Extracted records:
lemma abs_policy_expectation_diff_le:
  fixes Q Q' :: "'x::finite \<Rightarrow> 'a::finite \<Rightarrow> real"
  assumes \<nu>': "is_policy \<nu>'" and \<delta>: "(\<Sum>c\<in>UNIV. \<bar>\<nu>' z c - \<nu> z c\<bar>) \<le> \<delta>"
  shows "\<bar>(\<Sum>c\<in>UNIV. \<nu>' z c * Q' z c) - (\<Sum>c\<in>UNIV. \<nu> z c * Q z c)\<bar>
    \<le> supnorm (\<lambda>x a. Q' x a - Q x a) + \<delta> * supnorm Q"
proof -
  have "(\<Sum>c\<in>UNIV. \<nu>' z c * Q' z c) - (\<Sum>c\<in>UNIV. \<nu> z c * Q z c)
      = (\<Sum>c\<in>UNIV. \<nu>' z c * (Q' z c - Q z c)) + (\<Sum>c\<in>UNIV. (\<nu>' z c - \<nu> z c) * Q z c)"
    by (simp add: algebra_simps flip: sum_subtractf sum.distrib)
  moreover have "\<bar>\<Sum>c\<in>UNIV. \<nu>' z c * (Q' z c - Q z c)\<bar> \<le> supnorm (\<lambda>x a. Q' x a - Q x a)"
    using \<nu>' unfolding is_policy_def
    by (intro abs_weighted_sum_le) (auto simp: abs_le_supnorm[of "\<lambda>x a. Q' x a - Q x a", simplified])
  moreover have "\<bar>\<Sum>c\<in>UNIV. (\<nu>' z c - \<nu> z c) * Q z c\<bar> \<le> (\<Sum>c\<in>UNIV. \<bar>\<nu>' z c - \<nu> z c\<bar> * supnorm Q)"
    by (intro sum_abs[THEN order_trans] sum_mono) (simp add: abs_mult abs_le_supnorm mult_left_mono)
  moreover have "(\<Sum>c\<in>UNIV. \<bar>\<nu>' z c - \<nu> z c\<bar> * supnorm Q) \<le> \<delta> * supnorm Q"
    using \<delta> supnorm_nonneg[of Q] by (simp add: mult_right_mono flip: sum_distrib_right)
  ultimately show ?thesis
    by linarith
qed

lemma Qfun_dist_le:
  assumes K: "is_kernel P" and \<nu>: "is_policy \<nu>" and \<nu>': "is_policy \<nu>'" and \<gamma>: "0 \<le> \<gamma>" "\<gamma> < 1"
    and \<delta>: "\<And>z. (\<Sum>c\<in>UNIV. \<bar>\<nu>' z c - \<nu> z c\<bar>) \<le> \<delta>"
  shows "(1 - \<gamma>) * supnorm (\<lambda>x a. Qfun P \<gamma> r \<nu>' x a - Qfun P \<gamma> r \<nu> x a)
    \<le> \<gamma> * \<delta> * supnorm (Qfun P \<gamma> r \<nu>)"
proof -
  define Q where "Q = Qfun P \<gamma> r \<nu>"
  define Q' where "Q' = Qfun P \<gamma> r \<nu>'"
  define S where "S = supnorm (\<lambda>x a. Q' x a - Q x a)"
  have next_step: "\<bar>(\<Sum>c\<in>UNIV. \<nu>' z c * Q' z c) - (\<Sum>c\<in>UNIV. \<nu> z c * Q z c)\<bar> \<le> S + \<delta> * supnorm Q"
    for z
    unfolding S_def using \<nu>' \<delta>[of z] by (rule abs_policy_expectation_diff_le)
  have "\<bar>Q' x a - Q x a\<bar> \<le> \<gamma> * (S + \<delta> * supnorm Q)" for x a
  proof -
    have "Q' x a - Q x a = \<gamma> * (\<Sum>z\<in>UNIV. P x a z *
        ((\<Sum>c\<in>UNIV. \<nu>' z c * Q' z c) - (\<Sum>c\<in>UNIV. \<nu> z c * Q z c)))"
      unfolding Q_def Q'_def
      by (subst (1 2) Qfun_bellman[OF K _ \<gamma>]) (simp_all add: \<nu> \<nu>' algebra_simps sum_subtractf)
    moreover have "\<bar>\<Sum>z\<in>UNIV. P x a z *
        ((\<Sum>c\<in>UNIV. \<nu>' z c * Q' z c) - (\<Sum>c\<in>UNIV. \<nu> z c * Q z c))\<bar> \<le> S + \<delta> * supnorm Q"
      using K next_step unfolding is_kernel_def by (intro abs_weighted_sum_le) auto
    ultimately show ?thesis
      using \<gamma> by (simp add: abs_mult mult_left_mono)
  qed
  then have "S \<le> \<gamma> * (S + \<delta> * supnorm Q)"
    unfolding S_def by (rule supnorm_le)
  then show ?thesis
    unfolding S_def Q_def Q'_def by (simp add: algebra_simps)
qed

lemma mix_policy_dist_le:
  assumes "is_policy \<pi>" "is_policy \<mu>" "\<alpha> \<le> 1"
  shows "(\<Sum>c\<in>UNIV. \<bar>mix_policy \<alpha> \<pi> \<mu> z c - \<pi> z c\<bar>) \<le> 2 * (1 - \<alpha>)"
proof -
  have "mix_policy \<alpha> \<pi> \<mu> z c - \<pi> z c = (1 - \<alpha>) * (\<mu> z c - \<pi> z c)" for c
    by (simp add: mix_policy_def algebra_simps)
  then have "(\<Sum>c\<in>UNIV. \<bar>mix_policy \<alpha> \<pi> \<mu> z c - \<pi> z c\<bar>) = (1 - \<alpha>) * (\<Sum>c\<in>UNIV. \<bar>\<mu> z c - \<pi> z c\<bar>)"
    using assms(3) by (simp add: abs_mult sum_distrib_left)
  also have "\<dots> \<le> (1 - \<alpha>) * (\<Sum>c\<in>UNIV. \<mu> z c + \<pi> z c)"
  proof (intro mult_left_mono sum_mono)
    fix c
    have "0 \<le> \<mu> z c" "0 \<le> \<pi> z c"
      using assms(1,2) by (auto simp: is_policy_def)
    then show "\<bar>\<mu> z c - \<pi> z c\<bar> \<le> \<mu> z c + \<pi> z c"
      by (simp add: abs_le_iff)
  qed (use assms(3) in simp)
  also have "\<dots> = 2 * (1 - \<alpha>)"
    using assms by (simp add: is_policy_def sum.distrib)
  finally show ?thesis .
qed
(* Let $q$ be a non-negative integer and $\Lambda$ a unital commutative ring which is $q$-torsion-free. A Lie algebra $\mathfrak g$ over $\Lambda$ is strongly $q$-capable if and only if $Z^{\curlywedge}_q(\mathfrak g)=\{0\}$.
   Context: All Lie algebras are over $\Lambda$. $Z(\mathfrak m)$ is the center of $\mathfrak m$ and $Z_q(\mathfrak m)=\{e\in Z(\mathfrak m)\mid qe=0\}$. A Lie algebra $\mathfrak g$ is strongly $q$-capable if there exists a Lie algebra $\mathfrak m$ with $Z(\mathfrak m)=Z_q(\mathfrak m)$ and $\mathfrak g\cong\mathfrak m/Z(\mathfrak m)$. Non-abelian $q$-exterior square: for $q\ge1$, $\mathfrak g\wedge^q\mathfrak g$ is the Lie algebra generated by symbols $h\wedge g$ and $\{h\}$ ($h,g\in\mathfrak g$) subject to, for all $h,h',g,g'\in\mathfrak g$, $\lambda,\lambda'\in\Lambda$: (1) $\lambda(h\wedge g)=\lambda h\wedge g=h\wedge\lambda g$; (2),(3) bilinearity in each variable; (4) $[h,h']\wedge g=h\wedge[h',g]-h'\wedge[h,g]$; (5) $h\wedge[g,g']=[g',h]\wedge g-[g,h]\wedge g'$; (6) $[h\wedge g,h'\wedge g']=[h,g]\wedge[h',g']$; (7) $[\{h'\},h\wedge g]=[qh',h]\wedge g+h\wedge[qh',g]$; (8) $\{\lambda h+\lambda'h'\}=\lambda\{h\}+\lambda'\{h'\}$; (9) $[\{h\},\{h'\}]=qh\wedge qh'$; (10) $\{[h,g]\}=q(h\wedge g)$; (11) $h\wedge h=0$. For $q=0$ it is generated by the $h\wedge g$ subject to (1)–(6) and (11) (Ellis's non-abelian exterior square). The $q$-exterior center in the sense of Ellis is $Z^{\curlywedge}_q(\mathfrak g)=\{g\in\mathfrak g\mid g\wedge x=0 \text{ in } \mathfrak g\wedge^q\mathfrak g \text{ for all } x\in\mathfrak g\}$. *)

theory Defs
  imports Main
begin

record ('a, 'r) lie_alg =
  lcarrier :: "'a set"
  ladd  :: "'a \<Rightarrow> 'a \<Rightarrow> 'a"
  lzero :: "'a"
  lneg  :: "'a \<Rightarrow> 'a"
  lsmul :: "'r \<Rightarrow> 'a \<Rightarrow> 'a"
  lbr   :: "'a \<Rightarrow> 'a \<Rightarrow> 'a"

definition lie_algebra :: "('a, 'r::comm_ring_1) lie_alg \<Rightarrow> bool" where
  "lie_algebra L \<longleftrightarrow>
     (let C = lcarrier L; add = ladd L; z = lzero L; neg = lneg L; sm = lsmul L; br = lbr L in
       z \<in> C
     \<and> (\<forall>x\<in>C. \<forall>y\<in>C. add x y \<in> C)
     \<and> (\<forall>x\<in>C. neg x \<in> C)
     \<and> (\<forall>r x. x \<in> C \<longrightarrow> sm r x \<in> C)
     \<and> (\<forall>x\<in>C. \<forall>y\<in>C. br x y \<in> C)
     \<and> (\<forall>x\<in>C. \<forall>y\<in>C. \<forall>w\<in>C. add (add x y) w = add x (add y w))
     \<and> (\<forall>x\<in>C. \<forall>y\<in>C. add x y = add y x)
     \<and> (\<forall>x\<in>C. add x z = x)
     \<and> (\<forall>x\<in>C. add x (neg x) = z)
     \<and> (\<forall>r x y. x \<in> C \<longrightarrow> y \<in> C \<longrightarrow> sm r (add x y) = add (sm r x) (sm r y))
     \<and> (\<forall>r s x. x \<in> C \<longrightarrow> sm (r + s) x = add (sm r x) (sm s x))
     \<and> (\<forall>r s x. x \<in> C \<longrightarrow> sm r (sm s x) = sm (r * s) x)
     \<and> (\<forall>x\<in>C. sm 1 x = x)
     \<and> (\<forall>x\<in>C. \<forall>y\<in>C. \<forall>w\<in>C. br (add x y) w = add (br x w) (br y w))
     \<and> (\<forall>x\<in>C. \<forall>y\<in>C. \<forall>w\<in>C. br x (add y w) = add (br x y) (br x w))
     \<and> (\<forall>r x y. x \<in> C \<longrightarrow> y \<in> C \<longrightarrow> br (sm r x) y = sm r (br x y))
     \<and> (\<forall>r x y. x \<in> C \<longrightarrow> y \<in> C \<longrightarrow> br x (sm r y) = sm r (br x y))
     \<and> (\<forall>x\<in>C. br x x = z)
     \<and> (\<forall>x\<in>C. \<forall>y\<in>C. \<forall>w\<in>C.
          add (br x (br y w)) (add (br y (br w x)) (br w (br x y))) = z))"

definition lie_hom :: "('a \<Rightarrow> 'b) \<Rightarrow> ('a, 'r) lie_alg \<Rightarrow> ('b, 'r) lie_alg \<Rightarrow> bool" where
  "lie_hom f L M \<longleftrightarrow>
     (\<forall>x\<in>lcarrier L. f x \<in> lcarrier M)
   \<and> (\<forall>x\<in>lcarrier L. \<forall>y\<in>lcarrier L. f (ladd L x y) = ladd M (f x) (f y))
   \<and> (\<forall>r. \<forall>x\<in>lcarrier L. f (lsmul L r x) = lsmul M r (f x))
   \<and> (\<forall>x\<in>lcarrier L. \<forall>y\<in>lcarrier L. f (lbr L x y) = lbr M (f x) (f y))"

definition lie_iso :: "('a \<Rightarrow> 'b) \<Rightarrow> ('a, 'r) lie_alg \<Rightarrow> ('b, 'r) lie_alg \<Rightarrow> bool" where
  "lie_iso f L M \<longleftrightarrow> lie_hom f L M \<and> bij_betw f (lcarrier L) (lcarrier M)"

definition lie_center :: "('a, 'r) lie_alg \<Rightarrow> 'a set" where
  "lie_center L = {e \<in> lcarrier L. \<forall>x\<in>lcarrier L. lbr L e x = lzero L}"

definition lie_center_q :: "nat \<Rightarrow> ('a, 'r::comm_ring_1) lie_alg \<Rightarrow> 'a set" where
  "lie_center_q q L = {e \<in> lie_center L. lsmul L (of_nat q) e = lzero L}"

definition quot_center :: "('a, 'r) lie_alg \<Rightarrow> ('a set, 'r) lie_alg" where
  "quot_center L =
     (let Z = lie_center L in
      \<lparr> lcarrier = (\<lambda>x. {ladd L x z | z. z \<in> Z}) ` lcarrier L,
        ladd = (\<lambda>A B. {ladd L a b | a b. a \<in> A \<and> b \<in> B}),
        lzero = Z,
        lneg = (\<lambda>A. lneg L ` A),
        lsmul = (\<lambda>r A. {ladd L (lsmul L r a) z | a z. a \<in> A \<and> z \<in> Z}),
        lbr = (\<lambda>A B. {ladd L (lbr L a b) z | a b z. a \<in> A \<and> b \<in> B \<and> z \<in> Z}) \<rparr>)"

text \<open>HOL cannot quantify over types inside a formula, so the ambient Lie algebra m
  is taken on an arbitrary carrier set inside a type 'm, given as a parameter.\<close>

definition strongly_q_capable ::
  "nat \<Rightarrow> ('a, 'r::comm_ring_1) lie_alg \<Rightarrow> 'm itself \<Rightarrow> bool" where
  "strongly_q_capable q g (_ :: 'm itself) \<longleftrightarrow>
     (\<exists>(m :: ('m, 'r) lie_alg) f. lie_algebra m \<and> lie_center m = lie_center_q q m
          \<and> lie_iso f g (quot_center m))"

definition q_torsion_free :: "nat \<Rightarrow> 'r::comm_ring_1 itself \<Rightarrow> bool" where
  "q_torsion_free q (_ :: 'r itself) \<longleftrightarrow>
     (0 < q \<longrightarrow> (\<forall>r::'r. of_nat q * r = 0 \<longrightarrow> r = 0))"

datatype 'a xgen = XWedge 'a 'a | XBrace 'a

datatype ('x, 'r) fterm =
    FGen 'x
  | FZero
  | FAdd "('x, 'r) fterm" "('x, 'r) fterm"
  | FNeg "('x, 'r) fterm"
  | FSmul 'r "('x, 'r) fterm"
  | FBr "('x, 'r) fterm" "('x, 'r) fterm"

> Goal of the exercise:
Which lines in the data above hold the string "intro"? Return each of them.

> Answer:
    by (intro abs_weighted_sum_le) (auto simp: abs_le_supnorm[of "\<lambda>x a. Q' x a - Q x a", simplified])
    by (intro sum_abs[THEN order_trans] sum_mono) (simp add: abs_mult abs_le_supnorm mult_left_mono)
      using K next_step unfolding is_kernel_def by (intro abs_weighted_sum_le) auto
  proof (intro mult_left_mono sum_mono)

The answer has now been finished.